Please let me know if there are problems.


Notes on Marx and the Project of Ideology

October 16th, 2011

Today I pulled together some loosely connected thoughts I’ve been sorting out.  I’m working on a print publication–for now things will get posted here.  I’m writing a lot, but mostly I do my editing on People’s Plaza, in the cold, on limited battery power, etc., behind the Teach-In booth.  It’s an experiment.

I’m acutely aware of right-wing polemics, so I always feel like it’s dangerous to mention Marx today. The fact is that Marx theorized extensively about what is going on right now, but at the same time, merely mentioning his name leads us to an ideological trap. In the popular consciousness, Marx is synonymous with authoritarianism and the Communist State (which is not the same as the theoretical socio-political organization of communism—a distinction most people don’t seem to make). The following is simply a list of points I want to make. Apologies for how they might read or flow together:

Marxism is not an ideology—in fact Marx critiques ideology itself. Marx analyzed the concept of capital, reflecting on its history and future. Part of his importance is that he saw political economy and our social relations as interdependent. Ideology is the system of ideas that mediates how we all work in society as social subjects. To reject Marx completely is to say that political economy is autonomous and that we are free to act as social subjects independently of it. Who can seriously argue that this is true?

Marx’s ideas as a whole are imperfect. To paraphrase Peter Singer, author of Marx: A Very Short Introduction: Marx created a painting of capitalism, not a photograph. There are many aspects to Marxist thought, only one of which is a call for revolution. By no means does that sum up his agenda, nor does the historical outcome of this one facet invalidate everything else he said.

Marx’s thought is centered on the Hegelian concept of humanity’s liberation as the goal of history. He saw that capitalism did not accomplish this, but would in fact lead to more oppression. Thus, communism is not theorized by Marx as a system of oppression, but rather as one holding the potential for freedom.

Our awareness of the mechanics of capitalism is extremely sophisticated today, in part due to Marx’s influence. That is, even those in power think in Marxist terms in order to be better capitalists. Right-wing rhetoric claims that socialized medicine, welfare and other extensions of public funding push us dangerously towards communism. Marx’s claim was that capitalism would gradually lead to class warfare, where the masses would overpower a rich ruling class. The presence of social programs in a capitalist economy makes more sense as a band-aid for the failures of capitalism. It’s absurd that the ruling class would be building towards communism. The essence of communism is common ownership of wealth and the means of production. These things are not given up by the ruling class. What the ruling class can do, however, is create a charitable element within the system to give the illusion of security. To me, the socialist element of our society is a concession to do just this.

Ideology essentially consists of a system of messages we receive and act on. Marx theorized that these messages work so that we keep ourselves working within the system’s parameters, even to the point of unknowingly helping to build the system so that it remains oppressive. Slavoj Zizek argues that much of the time, we do know what our actions are supporting, but we do it anyways. This means that even though the system is the root problem, it makes us part of the problem.
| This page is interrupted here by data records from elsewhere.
lemma adjacency_resolving_iso:
  assumes \<phi>: "bij_betw \<phi> (verts G) (verts H)"
    and adj: "\<forall>x\<in>verts G. \<forall>y\<in>verts G. adj G x y \<longleftrightarrow> adj H (\<phi> x) (\<phi> y)"
    and Q: "adjacency_resolving H Q"
  shows "adjacency_resolving G {v\<in>verts G. \<phi> v \<in> Q}" "card {v\<in>verts G. \<phi> v \<in> Q} = card Q"
proof -
  have QH: "Q \<subseteq> verts H" using Q by (simp add: adjacency_resolving_def)
  have inj: "u = w \<longleftrightarrow> \<phi> u = \<phi> w" if "u \<in> verts G" "w \<in> verts G" for u w
    using \<phi> that unfolding bij_betw_def inj_on_def by blast
  have "bij_betw \<phi> {v\<in>verts G. \<phi> v \<in> Q} Q"
    using \<phi> QH unfolding bij_betw_def inj_on_def by auto
  thus "card {v\<in>verts G. \<phi> v \<in> Q} = card Q" by (rule bij_betw_same_card)
  show "adjacency_resolving G {v\<in>verts G. \<phi> v \<in> Q}"
    unfolding adjacency_resolving_def
  proof (intro conjI ballI impI)
    fix u w assume uw: "u \<in> verts G" "w \<in> verts G" "u \<noteq> w"
    have "\<phi> u \<in> verts H" "\<phi> w \<in> verts H" using \<phi> uw by (auto simp: bij_betw_def)
    then obtain r where r: "r \<in> Q" "adj_dist H (\<phi> u) r \<noteq> adj_dist H (\<phi> w) r"
      using Q inj uw unfolding adjacency_resolving_def by metis
    have "r \<in> \<phi> ` verts G" using \<phi> r QH unfolding bij_betw_def by blast
    then obtain z where z: "z \<in> verts G" "\<phi> z = r" by blast
    have "adj_dist G v z = adj_dist H (\<phi> v) (\<phi> z)" if "v \<in> verts G" for v
      using that z adj inj unfolding adj_dist_def by simp
    hence "adj_dist G u z \<noteq> adj_dist G w z" using r z uw by simp
    thus "\<exists>z\<in>{v \<in> verts G. \<phi> v \<in> Q}. adj_dist G u z \<noteq> adj_dist G w z" using z r by blast
  qed auto
qed

lemma card_nbrs_iso:
  assumes \<phi>: "bij_betw \<phi> (verts G) (verts H)"
    and adj: "\<forall>x\<in>verts G. \<forall>y\<in>verts G. adj G x y \<longleftrightarrow> adj H (\<phi> x) (\<phi> y)"
    and "\<And>x y. adj G x y \<Longrightarrow> y \<in> verts G" "\<And>p q. adj H p q \<Longrightarrow> q \<in> verts H"
    and "c \<in> verts G"
  shows "card (nbrs G c) = card (nbrs H (\<phi> c))"
proof -
  have "nbrs H (\<phi> c) = \<phi> ` nbrs G c"
  proof
    show "nbrs H (\<phi> c) \<subseteq> \<phi> ` nbrs G c"
    proof
      fix q assume "q \<in> nbrs H (\<phi> c)"
      moreover from this obtain u where "u \<in> verts G" "q = \<phi> u"
        using \<phi> assms(4) unfolding nbrs_def bij_betw_def by blast
      ultimately show "q \<in> \<phi> ` nbrs G c" using adj assms(5) unfolding nbrs_def by blast
    qed
    show "\<phi> ` nbrs G c \<subseteq> nbrs H (\<phi> c)"
      using adj assms(3,5) unfolding nbrs_def by blast
  qed
  moreover have "inj_on \<phi> (nbrs G c)"
    using \<phi> assms(3) unfolding bij_betw_def nbrs_def by (auto intro: inj_on_subset)
  ultimately show ?thesis by (simp add: card_image)
qed

lemma doubleton_eq_iff_inj_on:
  assumes "inj_on f A" "p \<in> A" "q \<in> A" "r \<in> A" "s \<in> A"
  shows "{f p, f q} = {f r, f s} \<longleftrightarrow> {p, q} = {r, s}"
  using assms unfolding doubleton_eq_iff inj_on_def by metis

section \<open>Paths and subdivided stars\<close>

lemma path_graph_verts: "verts (path_graph n) = {0..<n}"
  by (simp add: path_graph_def verts_def)

lemma path_graph_adj: "adj (path_graph n) i j \<longleftrightarrow> i < n \<and> j < n \<and> (j = Suc i \<or> i = Suc j)"
  by (simp add: path_graph_def adj_def)

lemma adjacency_resolving_path_graph:
  assumes "1 \<le> n" "n \<le> 3"
  shows "adjacency_resolving (path_graph n) {0}"
proof -
  have "adj_dist (path_graph n) p 0 = p" if "p < n" for p
    using that assms unfolding adj_dist_def path_graph_adj by auto
  thus ?thesis using assms unfolding adjacency_resolving_def path_graph_verts by auto
qed

lemma subdivided_star_verts:
  "verts (subdivided_star x S) = {(0,0)} \<union> {(1,i) | i. i \<in> {1..x}} \<union> {(2,i) | i. i \<in> S \<inter> {1..x}}"
  unfolding subdivided_star_def verts_def by simp

lemma subdivided_star_adj:
  "adj (subdivided_star x S) p q \<longleftrightarrow> (\<exists>i\<in>{1..x}.
     (i \<notin> S \<and> ((p = (0,0) \<and> q = (1,i)) \<or> (p = (1,i) \<and> q = (0,0)))) \<or>
     (i \<in> S \<and> ((p = (0,0) \<and> q = (2,i)) \<or> (p = (2,i) \<and> q = (0,0)) \<or>
                (p = (2,i) \<and> q = (1,i)) \<or> (p = (1,i) \<and> q = (2,i)))))"
  unfolding subdivided_star_def adj_def by (simp add: doubleton_eq_iff)

lemma subdivided_star_adj_verts: "adj (subdivided_star x S) p q \<Longrightarrow> q \<in> verts (subdivided_star x S)"
  unfolding subdivided_star_adj subdivided_star_verts by auto

lemma subdivided_star_leg:
  assumes "p \<in> verts (subdivided_star x S)" "p \<noteq> (0,0)"
  shows "snd p \<in> {1..x} \<and> (p = (1, snd p) \<or> (p = (2, snd p) \<and> snd p \<in> S))"
  using assms unfolding subdivided_star_verts by auto

text \<open>The neighbour of the centre on the \<open>j\<close>-th leg.\<close>

definition star_top :: "nat set \<Rightarrow> nat \<Rightarrow> nat \<times> nat" where
  "star_top S j = (if j \<in> S then 2 else 1, j)"

lemma star_top_in_verts: "j \<in> {1..x} \<Longrightarrow> star_top S j \<in> verts (subdivided_star x S)"
  unfolding subdivided_star_verts star_top_def by auto

lemma nbrs_star_centre: "nbrs (subdivided_star x S) (0,0) = star_top S ` {1..x}"
  unfolding nbrs_def subdivided_star_adj star_top_def by auto

lemma card_nbrs_star_centre: "card (nbrs (subdivided_star x S) (0,0)) = x"
proof -
  have "inj_on (star_top S) {1..x}" unfolding inj_on_def star_top_def by auto
  thus ?thesis by (simp add: nbrs_star_centre card_image)
qed

lemma adj_dist_star_top:
  assumes "p \<in> verts (subdivided_star x S)" "j \<in> {1..x}"
  shows "adj_dist (subdivided_star x S) p (star_top S j) =
    (if p = (0,0) then 1 else if snd p = j then (if p = star_top S j then 0 else 1) else 2)"
proof -
  consider "p = (0,0)" | i where "i \<in> {1..x}" "p = (1,i)"
    | i where "i \<in> S" "i \<in> {1..x}" "p = (2,i)"
    using assms(1) unfolding subdivided_star_verts by blast
  thus ?thesis
    by cases (use assms(2) in \<open>auto simp: adj_dist_def star_top_def subdivided_star_adj\<close>)
qed

lemma subdivided_star_vert_cases:
  assumes "p \<in> verts (subdivided_star x S)"
  obtains "p = (0,0)" | i where "i \<in> {1..x}" "p = star_top S i"
    | i where "i \<in> S \<inter> {1..x}" "p = (1,i)"
proof -
  consider "p = (0,0)" | i where "i \<in> {1..x}" "p = (1,i)" | i where "i \<in> S \<inter> {1..x}" "p = (2,i)"
    using assms unfolding subdivided_star_verts by blast
  thus ?thesis
  proof cases
    case (2 i)
    show ?thesis
    proof (cases "i \<in> S")
      case True thus ?thesis using 2 that(3) by blast
    next
      case False thus ?thesis using 2 that(2)[of i] by (simp add: star_top_def)
    qed
  next
    case (3 i) thus ?thesis using that(2)[of i] by (simp add: star_top_def)
  qed (use that(1) in blast)
qed

lemma subdivided_star_centre_in_verts: "(0,0) \<in> verts (subdivided_star x S)"
  by (simp add: subdivided_star_verts)

lemma subdivided_star_leg_in_verts: "i \<in> {1..x} \<Longrightarrow> (1,i) \<in> verts (subdivided_star x S)"
  by (simp add: subdivided_star_verts)

lemma subdivided_star_adj_top:
  "adj (subdivided_star x S) p q \<longleftrightarrow> (\<exists>i\<in>{1..x}. {p, q} = {(0,0), star_top S i}) \<or>
     (\<exists>i\<in>S \<inter> {1..x}. {p, q} = {star_top S i, (1,i)})"
  unfolding subdivided_star_def adj_def star_top_def by auto

text \<open>A vertex other than the centre is within distance 1 of the top of its own leg only,
  while the centre is adjacent to every top. The leg \<open>i0\<close> without a top in the set must be
  unsubdivided, as all its vertices see every top at distance 2.\<close>

lemma star_tops_separate:
  assumes x3: "x \<ge> 3" and i0: "i0 \<in> {1..x}" "i0 \<notin> S"
    and pq: "p \<in> verts (subdivided_star x S)" "q \<in> verts (subdivided_star x S)"
      "p \<noteq> q" "p \<noteq> (0,0)"
  shows "\<exists>j\<in>{1..x} - {i0}. adj_dist (subdivided_star x S) p (star_top S j) \<noteq>
    adj_dist (subdivided_star x S) q (star_top S j)"
proof -
  let ?J = "{1..x} - {i0}"
  note dist_p = adj_dist_star_top[OF pq(1)] and dist_q = adj_dist_star_top[OF pq(2)]
  note np = subdivided_star_leg[OF pq(1) pq(4)]
  show ?thesis
  proof (cases "q = (0,0)")
    case True
    have "card (?J - {snd p}) \<ge> 1" using i0 x3 by (cases "snd p \<in> ?J") auto
    hence "?J - {snd p} \<noteq> {}" by (metis card.empty not_one_le_zero)
    then obtain j where j: "j \<in> ?J" "j \<noteq> snd p" by blast
    thus ?thesis using dist_p dist_q True pq(4) by (intro bexI[of _ j]) auto
  next
    case False
    note nq = subdivided_star_leg[OF pq(2) False]
    show ?thesis
    proof (cases "snd p = snd q")
      case True
      have "snd p \<in> S" and "p = star_top S (snd p) \<or> q = star_top S (snd p)"
        using np nq True pq(3) unfolding star_top_def by (metis prod.collapse)+
      moreover have "snd p \<in> ?J" using \<open>snd p \<in> S\<close> i0 np by auto
      ultimately show ?thesis
        using dist_p dist_q True pq(3,4) False by (intro bexI[of _ "snd p"]) auto
    next
      case False
      show ?thesis
      proof (cases "snd p = i0")
        case True
        hence "snd q \<in> ?J" using nq False by auto
        thus ?thesis using dist_p dist_q \<open>q \<noteq> (0,0)\<close> pq(4) False
          by (intro bexI[of _ "snd q"]) auto
      next
        case False
        hence "snd p \<in> ?J" using np by auto
        thus ?thesis using dist_p dist_q \<open>q \<noteq> (0,0)\<close> pq(4) \<open>snd p \<noteq> snd q\<close>
          by (intro bexI[of _ "snd p"]) auto
      qed
    qed
  qed
qed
We then grow aware of our role as citizens, and that awareness then needs to incorporate itself back into us-as-part of the problem. Once we understand this, we will take no bullshit from anyone.

Ideology’s project is to keep us functioning within a social system. Therefore, the problems arise not in that we are ideological, but in how. Ideology becomes oppressive insofar as our social relations are mediated by power. That is, the systems of power in which we function work to keep us oppressing ourselves. It is the project of ideology to keep us thinking of things such as the economy and the political process as natural and unchangeable. The phrase “you can’t fight city hall” is one such example of an ideological message.

As we grow up, we are socialized to function in a human community. That is a natural and timeless process. What is not natural for us, I think, is incorporating such a large number of abstractions into our systems of thought. If not for civilization, maybe we would not have anything to call ideology—it would be very simply referred to as culture.


To the Occupiers, Now and to Come:

October 11th, 2011

Things are organized in such a way that anyone trying to meet their needs by making an honest living must first pay into a process that abuses the common good. Both in the work that we do and the dollars we spend, power drifts away from us, only to be applied against us. This, I believe, is the real essence behind those currently occupying Wall Street in New York City, and now in cities throughout the country—of which Minneapolis is one. On October 15th, other countries are joining in.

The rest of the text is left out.